TranslatorToFlinkSqlAgent (translator_to_flink_sql.py)¶
Purpose: Base abstract class that defines the common interface and shared functionality for all SQL translation agents.
Key Features:
- LLM Configuration: Supports multiple models (Qwen, Mistral, Cogito) with configurable endpoints
- Validation Pipeline: Integrates with Confluent Cloud for Apache Flink for live SQL validation
- Factory Pattern: Provides
get_or_build_sql_translator_agent()for dynamic agent instantiation - Error Handling: Base framework for iterative refinement when validation fails
SparkToFlinkSqlAgent (spark_sql_code_agent.py)¶
Purpose: Specialized agent for translating Spark SQL to Flink SQL with enhanced error categorization and refinement.
Key Features:
- Structured Responses: Uses Pydantic models for consistent LLM output parsing
- Error Categorization: Classifies errors into specific types (syntax, function incompatibility, type mismatch, etc.)

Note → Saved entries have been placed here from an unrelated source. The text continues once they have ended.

text \<open>Row r of a certificate C lists, for each vertex k, a pair (r', p) asserting
  that mutating the r-th graph of Ls at k gives the r'-th graph of Ls relabeled by p.\<close>

definition mutation_certificate :: "nat \<Rightarrow> int list list list \<Rightarrow> (nat \<times> nat list) list list \<Rightarrow> bool" where
  "mutation_certificate n Ls C \<longleftrightarrow>
     list_all2 (\<lambda>L row. list_all2 (\<lambda>k (r', p). r' < length Ls \<and> perm_list n p \<and>
         rows_of_matrix n (mutate n k (matrix_of_rows n L)) =
         rows_of_matrix n (relabel n ((!) p) (matrix_of_rows n (Ls ! r')))) [0..<n] row) Ls C"

lemma mutation_closed_if_certificate:
  assumes cert: "mutation_certificate n Ls C"
  shows "mutation_closed_up_to_iso n (matrix_of_rows n ` set Ls)"
  unfolding mutation_closed_up_to_iso_def
proof (intro ballI allI impI)
  fix R k assume "R \<in> matrix_of_rows n ` set Ls" and k: "k < n"
  then obtain r where r: "r < length Ls" and R: "R = matrix_of_rows n (Ls ! r)"
    by (auto simp: in_set_conv_nth)
  obtain r' p where step: "C ! r ! k = (r', p)"
    by fastforce
  have "list_all2 (\<lambda>k (r', p). r' < length Ls \<and> perm_list n p \<and>
      rows_of_matrix n (mutate n k (matrix_of_rows n (Ls ! r))) =
      rows_of_matrix n (relabel n ((!) p) (matrix_of_rows n (Ls ! r')))) [0..<n] (C ! r)"
    using list_all2_nthD[OF cert[unfolded mutation_certificate_def] r] .
  then have "case C ! r ! k of (r', p) \<Rightarrow> r' < length Ls \<and> perm_list n p \<and>
      rows_of_matrix n (mutate n k R) =
      rows_of_matrix n (relabel n ((!) p) (matrix_of_rows n (Ls ! r')))"
    using list_all2_nthD[of _ "[0..<n]" "C ! r" k] k by (simp add: R)
  then have r': "r' < length Ls" and p: "perm_list n p"
    and rows: "rows_of_matrix n (mutate n k R) =
      rows_of_matrix n (relabel n ((!) p) (matrix_of_rows n (Ls ! r')))"
    by (simp_all add: step)
  have "mutate n k R = relabel n ((!) p) (matrix_of_rows n (Ls ! r'))"
    using vanishes_outside_mutate vanishes_outside_relabel rows by (rule eq_if_rows_of_matrix_eq)
  then show "mutate n k R \<in> relabelings n (matrix_of_rows n ` set Ls)"
    unfolding relabelings_def using bij_betw_nth_perm_list[OF p] nth_mem[OF r'] by blast
qed

lemma mutation_finite_by_certificate:
  assumes "mutation_certificate n Ls C" and "Ls \<noteq> []"
  shows "mutation_finite n (matrix_of_rows n (hd Ls))"
proof (rule mutation_finite_if_closed[OF mutation_closed_if_certificate[OF assms(1)]])
  show "matrix_of_rows n (hd Ls) \<in> relabelings n (matrix_of_rows n ` set Ls)"
    unfolding relabelings_def using assms(2)
    by (auto intro!: exI[of _ id] exI[of _ "matrix_of_rows n (hd Ls)"] simp: relabel_id_matrix_of_rows)
qed simp

definition X6_class_rows :: "int list list list" where
  "X6_class_rows =
    [[[ 0, 1,-1, 1,-1, 1], [-1, 0, 0, 0, 0, 0], [ 1, 0, 0,-2, 0, 0],
      [-1, 0, 2, 0, 0, 0], [ 1, 0, 0, 0, 0,-2], [-1, 0, 0, 0, 2, 0]],
     [[ 0,-1, 1,-1, 1,-1], [ 1, 0,-1, 0,-1, 0], [-1, 1, 0,-1, 0, 1],
      [ 1, 0, 1, 0,-1, 0], [-1, 1, 0, 1, 0,-1], [ 1, 0,-1, 0, 1, 0]],
     [[ 0,-1,-1, 1,-1, 1], [ 1, 0, 0, 0, 0, 0], [ 1, 0, 0,-2, 0, 0],
      [-1, 0, 2, 0, 0, 0], [ 1, 0, 0, 0, 0,-2], [-1, 0, 0, 0, 2, 0]],
     [[ 0, 1, 0,-1, 0,-1], [-1, 0, 1, 0, 1, 0], [ 0,-1, 0,-1, 0, 1],
      [ 1, 0, 1, 0,-1, 0], [ 0,-1, 0, 1, 0,-1], [ 1, 0,-1, 0, 1, 0]],
     [[ 0, 0,-1,-1, 1, 0], [ 0, 0, 1,-1,-1, 0], [ 1,-1, 0, 1, 0,-1],
      [ 1, 1,-1, 0,-1, 1], [-1, 1, 0, 1, 0,-1], [ 0, 0, 1,-1, 1, 0]]]"

definition X6_certificate :: "(nat \<times> nat list) list list" where
  "X6_certificate =
    [[(1, [0,1,2,3,4,5]), (2, [0,1,2,3,4,5]), (0, [0,1,3,2,4,5]),
      (0, [0,1,3,2,4,5]), (0, [0,1,2,3,5,4]), (0, [0,1,2,3,5,4])],
     [(0, [0,1,2,3,4,5]), (3, [0,1,2,3,4,5]), (4, [0,1,2,3,4,5]),
      (4, [2,1,3,0,4,5]), (4, [0,1,4,5,2,3]), (4, [2,1,4,5,3,0])],
     [(4, [3,5,0,2,1,4]), (0, [0,1,2,3,4,5]), (2, [0,1,3,2,4,5]),
      (2, [0,1,3,2,4,5]), (2, [0,1,2,3,5,4]), (2, [0,1,2,3,5,4])],
     [(4, [5,3,0,2,1,4]), (1, [0,1,2,3,4,5]), (4, [0,4,5,2,1,3]),
      (1, [2,5,4,1,0,3]), (4, [0,4,1,3,5,2]), (1, [2,5,0,3,4,1])],
     [(1, [3,1,0,2,4,5]), (1, [1,3,4,2,0,5]), (1, [0,1,2,3,4,5]),
      (2, [2,4,3,0,5,1]), (1, [1,0,2,5,4,3]), (3, [0,2,5,3,1,4])]]"

definition X7_class_rows :: "int list list list" where
  "X7_class_rows =
    [[[ 0,-1, 1,-1, 1,-1, 1], [ 1, 0,-2, 0, 0, 0, 0], [-1, 2, 0, 0, 0, 0, 0],
      [ 1, 0, 0, 0,-2, 0, 0], [-1, 0, 0, 2, 0, 0, 0], [ 1, 0, 0, 0, 0, 0,-2],
      [-1, 0, 0, 0, 0, 2, 0]],
     [[ 0, 1,-1, 1,-1, 1,-1], [-1, 0,-1, 0, 1, 0, 1], [ 1, 1, 0,-1, 0,-1, 0],
      [-1, 0, 1, 0,-1, 0, 1], [ 1,-1, 0, 1, 0,-1, 0], [-1, 0, 1, 0, 1, 0,-1],
      [ 1,-1, 0,-1, 0, 1, 0]]]"

definition X7_certificate :: "(nat \<times> nat list) list list" where
  "X7_certificate =
    [[(1, [0,1,2,3,4,5,6]), (0, [0,2,1,3,4,5,6]), (0, [0,2,1,3,4,5,6]), (0, [0,1,2,4,3,5,6]),
      (0, [0,1,2,4,3,5,6]), (0, [0,1,2,3,4,6,5]), (0, [0,1,2,3,4,6,5])],
     [(0, [0,1,2,3,4,5,6]), (1, [1,2,0,4,5,6,3]), (1, [2,0,1,4,5,6,3]), (1, [1,4,5,2,0,6,3]),
      (1, [2,4,5,0,1,6,3]), (1, [1,4,5,6,3,2,0]), (1, [2,4,5,6,3,0,1])]]"

lemma X6_eq_matrix_of_rows: "X6 = matrix_of_rows 6 (hd X6_class_rows)"
  by (rule eq_if_rows_of_matrix_eq[OF vanishes_outside_mat_of_arrows[of 6 X6_arrows, folded X6_def]
      vanishes_outside_matrix_of_rows]) code_simp

lemma X7_eq_matrix_of_rows: "X7 = matrix_of_rows 7 (hd X7_class_rows)"
  by (rule eq_if_rows_of_matrix_eq[OF vanishes_outside_mat_of_arrows[of 7 X7_arrows, folded X7_def]
      vanishes_outside_matrix_of_rows]) code_simp

lemma X6_certificate_valid: "mutation_certificate 6 X6_class_rows X6_certificate"
  by code_simp

lemma X7_certificate_valid: "mutation_certificate 7 X7_class_rows X7_certificate"
  by code_simp

theorem mainTheorem1:
  shows "mutation_finite 6 X6 \<and> mutation_finite 7 X7"
proof
  show "mutation_finite 6 X6"
    unfolding X6_eq_matrix_of_rows
    by (rule mutation_finite_by_certificate[OF X6_certificate_valid]) (simp add: X6_class_rows_def)
  show "mutation_finite 7 X7"
    unfolding X7_eq_matrix_of_rows
    by (rule mutation_finite_by_certificate[OF X7_certificate_valid]) (simp add: X7_class_rows_def)
qed

end
lemma prob_Int_eta_determined:
  assumes "I \<inter> J = {}" "A \<in> sets M" "B \<in> sets M" "eta_determined I A" "eta_determined J B"
  shows "P.prob (A \<inter> B) = P.prob A * P.prob B"
proof -
  obtain A' where A': "A' \<in> sets (PiM I (\<lambda>_. site_law \<rho>b \<rho>h p))"
    "(\<lambda>\<omega>. restrict \<omega> I) -` A' \<inter> space M = A"
    using eta_determined_restrict_preimage[OF assms(2,4)] by blast
  obtain B' where B': "B' \<in> sets (PiM J (\<lambda>_. site_law \<rho>b \<rho>h p))"
    "(\<lambda>\<omega>. restrict \<omega> J) -` B' \<inter> space M = B"
    using eta_determined_restrict_preimage[OF assms(3,5)] by blast
  have "P.indep_var (PiM I (\<lambda>_. site_law \<rho>b \<rho>h p)) (\<lambda>\<omega>. restrict \<omega> I)
      (PiM J (\<lambda>_. site_law \<rho>b \<rho>h p)) (\<lambda>\<omega>. restrict \<omega> J)"
    using P.indep_var_restrict[OF indep_components assms(1)] by simp
  from P.indep_varD[OF this A'(1) B'(1)]
  have "P.prob ((\<lambda>\<omega>. (restrict \<omega> I, restrict \<omega> J)) -` (A' \<times> B') \<inter> space M) = P.prob A * P.prob B"
    unfolding A'(2) B'(2) .
  moreover have "(\<lambda>\<omega>. (restrict \<omega> I, restrict \<omega> J)) -` (A' \<times> B') \<inter> space M
      = ((\<lambda>\<omega>. restrict \<omega> I) -` A' \<inter> space M) \<inter> ((\<lambda>\<omega>. restrict \<omega> J) -` B' \<inter> space M)"
    by auto
  ultimately show ?thesis
    unfolding A'(2) B'(2) by simp
qed
lemma minus_one_neq_one: "(-1::'a) \<noteq> 1"
proof
  assume "(-1::'a) = 1"
  then have "of_nat 2 = (0::'a)" by (simp add: eq_neg_iff_add_eq_0)
  then have "CHAR('a) dvd 2" using of_nat_eq_0_iff_char_dvd by blast
  moreover have "odd CHAR('a)"
  proof -
    obtain k where "q = CHAR('a) ^ k" using q_eq_CHAR_power by blast
    then show ?thesis using odd_q q_ge_3 by (auto simp: even_power)
  qed
  ultimately show False
    using prime_CHAR_finite_field[where 'a='a]
    by (metis primes_dvd_imp_eq two_is_prime_nat even_numeral)
qed

definition frob :: "'a \<Rightarrow> 'a" where
  "frob x = x ^ q"

lemma frob_add: "frob (x + y) = frob x + frob y"
proof -
  obtain k where "q = CHAR('a) ^ k" using q_eq_CHAR_power by blast
  then show ?thesis
    unfolding frob_def by (intro freshmans_dream' prime_CHAR_finite_field)
qed

lemma frob_diff: "frob (x - y) = frob x - frob y"
  using frob_add[of "x - y" y] by (simp add: algebra_simps)

lemma frob_mult: "frob (x * y) = frob x * frob y"
  by (simp add: frob_def power_mult_distrib)

lemma frob_divide: "frob (x / y) = frob x / frob y"
  by (simp add: frob_def power_divide)

lemma frob_0 [simp]: "frob 0 = 0" and frob_1 [simp]: "frob 1 = 1"
  using q_ge_3 by (simp_all add: frob_def)

lemma frob_minus_one [simp]: "frob (-1) = -1"
  using odd_q by (simp add: frob_def)

lemma frob_frob [simp]: "frob (frob x) = x"
  using power_card_UNIV_eq_self[of x] by (simp add: frob_def card_UNIV_eq flip: power_mult)

lemma frob_eq_0_iff [simp]: "frob x = 0 \<longleftrightarrow> x = 0"
  by (metis frob_0 frob_frob)

lemma q_mult_q_minus_1: "q * q - 1 = (q - 1) * (q + 1)"
  using q_ge_3 by (cases q) (simp_all add: algebra_simps)

definition h :: nat where
  "h = (q + 1) div 2"

lemma two_mult_h: "2 * h = q + 1"
  using odd_q by (simp add: h_def)

lemma quadratic_char_eq_frob_ratio_power:
  assumes "y \<noteq> 0"
  shows "quadratic_char y = (frob y / y) ^ h"
proof -
  have "card (UNIV :: 'a set) - 1 = 2 * ((q - 1) * h)"
    by (metis card_UNIV_eq q_mult_q_minus_1 two_mult_h mult.left_commute)
  moreover have "frob y / y = y ^ (q - 1)"
    using assms q_ge_3 by (simp add: frob_def power_diff)
  ultimately show ?thesis by (simp add: quadratic_char_def power_mult)
qed

lemma quadratic_char_frob_fixed: "y \<noteq> 0 \<Longrightarrow> frob y = y \<Longrightarrow> quadratic_char y = 1"
  by (simp add: quadratic_char_eq_frob_ratio_power)

lemma quadratic_char_uminus: "quadratic_char (- x) = quadratic_char (x::'a)"
proof -
  have "quadratic_char (-1 :: 'a) = 1" by (rule quadratic_char_frob_fixed) simp_all
  then show ?thesis by (metis quadratic_char_mult mult_minus1 mult_1)
qed

lemma paley_adj_iff_quadratic_char:
  "paley_adj (x::'a) y \<longleftrightarrow> y \<noteq> x \<and> quadratic_char (y - x) = 1"
proof -
  have "paley_adj x y \<longleftrightarrow> x - y \<in> nonzero_squares"
    by (simp add: paley_adj_def nonzero_squares_def)
  also have "\<dots> \<longleftrightarrow> x - y \<noteq> 0 \<and> quadratic_char (x - y) = 1"
  proof (cases "x - y = 0")
    case False
    then show ?thesis using quadratic_char_eq_1_iff[OF odd_card_UNIV False] by simp
  qed (simp add: nonzero_squares_def)
  finally show ?thesis using quadratic_char_uminus[of "y - x"] by auto
qed

definition circle :: "'a set" where
  "circle = {u. frob u * u = 1}"

lemma circle_eq_roots: "circle = {u. u ^ (q + 1) = 1}"
  by (simp add: circle_def frob_def mult.commute)

lemma circle_nonzero: "u \<in> circle \<Longrightarrow> u \<noteq> 0"
  by (auto simp: circle_def)

lemma frob_circle: "u \<in> circle \<Longrightarrow> frob u = 1 / u"
  by (auto simp: circle_def eq_divide_eq)

lemma one_mem_circle: "1 \<in> circle"
  by (simp add: circle_def)

lemma minus_one_mem_circle: "-1 \<in> circle"
  by (simp add: circle_def)

lemma mult_mem_circle: "u * v \<in> circle" if "u \<in> circle" "v \<in> circle"
proof -
  have "frob (u * v) * (u * v) = (frob u * u) * (frob v * v)" by (simp add: frob_mult ac_simps)
  then show ?thesis using that unfolding circle_def mem_Collect_eq by (metis mult_1)
qed

lemma divide_mem_circle: "u \<in> circle \<Longrightarrow> v \<in> circle \<Longrightarrow> u / v \<in> circle"
  by (simp add: circle_def frob_divide times_divide_times_eq)

lemma card_circle: "card circle = q + 1"
proof (rule antisym)
  show "card circle \<le> q + 1"
    unfolding circle_eq_roots by (rule card_power_eq_le) simp
next
  have "card (UNIV - {0::'a}) \<le> (q - 1) * card ((\<lambda>x. x ^ (q - 1)) ` (UNIV - {0::'a}))"
  proof (rule card_le_mult_card_image)
    fix b :: 'a
    have "{a \<in> UNIV - {0}. a ^ (q - 1) = b} \<subseteq> {x. x ^ (q - 1) = b}" by auto
    moreover have "card {x::'a. x ^ (q - 1) = b} \<le> q - 1"
      using q_ge_3 by (intro card_power_eq_le) simp
    ultimately show "card {a \<in> UNIV - {0}. a ^ (q - 1) = b} \<le> q - 1"
      by (meson card_mono finite order_trans)
  qed simp
  also have "(\<lambda>x. x ^ (q - 1)) ` (UNIV - {0::'a}) \<subseteq> circle"
  proof
    fix y assume "y \<in> (\<lambda>x. x ^ (q - 1)) ` (UNIV - {0::'a})"
    then obtain x where "x \<noteq> 0" "y = x ^ (q - 1)" by auto
    moreover have "(x ^ (q - 1)) ^ (q + 1) = x ^ (card (UNIV :: 'a set) - 1)"
      by (simp only: card_UNIV_eq q_mult_q_minus_1 power_mult)
    ultimately show "y \<in> circle"
      using power_card_minus_one_eq_1 by (simp add: circle_eq_roots)
  qed
  then have "card ((\<lambda>x. x ^ (q - 1)) ` (UNIV - {0::'a})) \<le> card circle"
    by (simp add: card_mono)
  finally have "q * q - 1 \<le> (q - 1) * card circle"
    by (simp add: card_Diff_singleton card_UNIV_eq)
  then have "(q - 1) * (q + 1) \<le> (q - 1) * card circle"
    by (simp only: q_mult_q_minus_1)
  then show "q + 1 \<le> card circle" using q_ge_3 by (subst (asm) mult_le_cancel1) simp
qed

definition circle_sign :: "'a \<Rightarrow> 'a" where
  "circle_sign u = u ^ h"

lemma circle_sign_square: "u \<in> circle \<Longrightarrow> circle_sign u * circle_sign u = 1"
  by (simp add: circle_sign_def circle_eq_roots two_mult_h flip: power_add mult_2)

lemma circle_sign_cases: "u \<in> circle \<Longrightarrow> circle_sign u = 1 \<or> circle_sign u = -1"
  using circle_sign_square square_eq_1_iff by blast

lemma circle_sign_mult: "circle_sign (u * v) = circle_sign u * circle_sign v"
  by (simp add: circle_sign_def power_mult_distrib)

lemma circle_sign_divide: "circle_sign (u / v) = circle_sign u / circle_sign v"
  by (simp add: circle_sign_def power_divide)

lemma exists_circle_sign_eq_minus_one: "\<exists>t\<in>circle. circle_sign t = -1"
proof -
  have "card {u::'a. u ^ h = 1} \<le> h"
    using two_mult_h q_ge_3 by (intro card_power_eq_le) linarith
  moreover have "h < card circle" using two_mult_h card_circle by linarith
  ultimately have "\<not> circle \<subseteq> {u. u ^ h = 1}"
    by (metis card_mono finite leD le_trans)
  then obtain t where "t \<in> circle" "circle_sign t \<noteq> 1" by (auto simp: circle_sign_def)
  then show ?thesis using circle_sign_cases by blast
qed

- Multi-step Validation: Pre-validation + live validation with up to 3 refinement iterations
- DDL Auto-generation: Automatically creates table definitions from query logic
- Validation History: Tracks all validation attempts for debugging
Specialized Models:
class SparkSqlFlinkDml(BaseModel):
flink_dml_output: str
class SparkSqlFlinkDdl(BaseModel):
flink_ddl_output: str
key_name: str
class SqlRefinement(BaseModel):
refined_ddl: str
refined_dml: str
explanation: str
changes_made: List[str]
KsqlToFlinkSqlAgent (ksql_code_agent.py)¶
Purpose: Specialized agent for translating KSQL (Kafka SQL) to Flink SQL with multi-table support and comprehensive preprocessing.
Key Features:
- Multi-table Processing: Automatically detects and processes multiple CREATE TABLE/STREAM statements
- Input Preprocessing: Removes problematic statements and comments that confuse LLMs
- Batch Translation: Handles complex KSQL scripts with multiple related statements
- Mandatory Validation: Always performs syntax and best practices validation
- File Snapshots: Saves intermediate results for debugging and tracking
Specialized Models:
class KsqlFlinkSql(BaseModel):
ksql_input: str
flink_ddl_output: Optional[str]
flink_dml_output: Optional[str]
class KsqlTableDetection(BaseModel):
has_multiple_tables: bool
table_statements: List[str]
description: str
Using Cursor.ai¶
If you have access to Cursor with claude-4.5-sonnet model or recent model, a prompt like:
using @src/shift_left/shift_left/ai/prompts/ksql_fsql/translator.txt migrate the @src/shift_left/tests/data/ksql-project/sources/w2_processing.ksql file
Will create a markdown file with the original ksql statements and the flink SQL matching statements at a higher speed than running qwen locally.
Also using the new SKILL.md support, the translator.txt prompt may be use inside any AI agent using skill.